Table 1 Instruction execution without pipeline; the throughput is two instructions per clock cycle
Table 2 Instructions execution with pipeline; the throughput is four instructions every six clock cycles

All MIPS instructions are 32 bit long. The instruction set is a compiler-based encoding of the machine instructions (i.e., code generation efficiency is used to choose alternative instructions). Multiple simple instruction sections are packed together into an instruction word. To do several operations simultaneously in pipelining, the simultaneous implementation of devices such as memory, integer units, and other units is essential. Pipelining involves five stages: fetch, decode, execute, memory, and write back.

  • Fetch: In this stage, we fetched the instruction from the memory based on the address provided in the program counter (PC). Incrementing by four to the previous instruction address may update the PC. Alternately, it can be updated by a branch address provided by conditional or unconditional branch instructions. The instruction is fetched from the memory and relayed on to the next stage:

    • PC ≤ (PC + 4),

    • PC ≤ Branch address.

  • Decode: In instruction decode, the opcode is decoded by the decoder unit. The register bank is also present in this stage to find the effective address. When in indirect-addressing mode, two clock cycles are required. For different addressing modes, operands are identified through the register bank and handed to the next stage for computation.

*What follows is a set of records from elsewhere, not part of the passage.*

lemma permute_list_adj_swap_split:
  assumes "Suc i < length I"
  shows "permute_list (adj_swap i) I = take i I @ I ! Suc i # I ! i # drop (Suc (Suc i)) I"
  using assms by (simp add: permute_list_adj_swap upd_conv_take_nth_drop Cons_nth_drop_Suc
      take_Suc_conv_app_nth)

lemma adjP_matmul:
  assumes "Suc i < k" "I \<in> tuples d k"
  shows "matmul d (adjP emb q i) X I J
    = emb (q (I ! Suc i) (I ! i)) * X (permute_list (adj_swap i) I) J"
proof -
  have "length I = k"
    using assms(2) by (simp add: tuples_def)
  then have "matmul d (adjP emb q i) X I J = (\<Sum>L\<in>tuples d k.
      if L = permute_list (adj_swap i) I then emb (q (I ! Suc i) (I ! i)) * X L J else 0)"
    unfolding matmul_def using assms(1) by (intro sum.cong) (auto simp: adjP_def permute_list_adj_swap)
  then show ?thesis
    using permute_list_tuples[OF adj_swap_permutes assms(2)] assms(1) by simp
qed

lemma matmul_adjP:
  assumes "Suc i < k" "J \<in> tuples d k" "length I = k"
  shows "matmul d X (adjP emb q i) I J
    = X I (permute_list (adj_swap i) J) * emb (q (J ! i) (J ! Suc i))"
proof -
  have "length J = k"
    using assms(2) by (simp add: tuples_def)
  have "adjP emb q i L J = (if L = permute_list (adj_swap i) J then emb (q (J ! i) (J ! Suc i)) else 0)"
    if "L \<in> tuples d k" for L
    using that assms(1) \<open>length J = k\<close> permute_list_adj_swap_twice[of i L] permute_list_adj_swap_twice[of i J]
    by (auto simp: adjP_def tuples_def permute_list_adj_swap [symmetric] permute_list_nth adj_swap_permutes)
  then have "matmul d X (adjP emb q i) I J = (\<Sum>L\<in>tuples d k.
      if L = permute_list (adj_swap i) J then X I L * emb (q (J ! i) (J ! Suc i)) else 0)"
    unfolding matmul_def assms(3) by (intro sum.cong) auto
  then show ?thesis
    using permute_list_tuples[OF adj_swap_permutes assms(2)] assms(1) by simp
qed

section \<open>Words in adjacent transpositions\<close>

lemma perm_word_Nil [simp]: "perm_word [] = id"
  by (simp add: perm_word_def)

  • Execute: All logical and arithmetic operations are performed in this stage. The operation performed on the data are dependent on the control signals generated in the decode stage for each instruction [2]. The integer unit consists of the arithmetic logic unit (ALU), shifter, and multiplier devices. In addition, the effective addresses used for load and store operations are computed.

  • Memory: All memory related instructions are executed in this stage. Depending on the control signals, instructions such as load and store are performed to read and write the data.

  • Write back: The registers are updated in this stage. The corresponding data are updated in the register array located in decode stage. The data may be coming from a memory location or another register.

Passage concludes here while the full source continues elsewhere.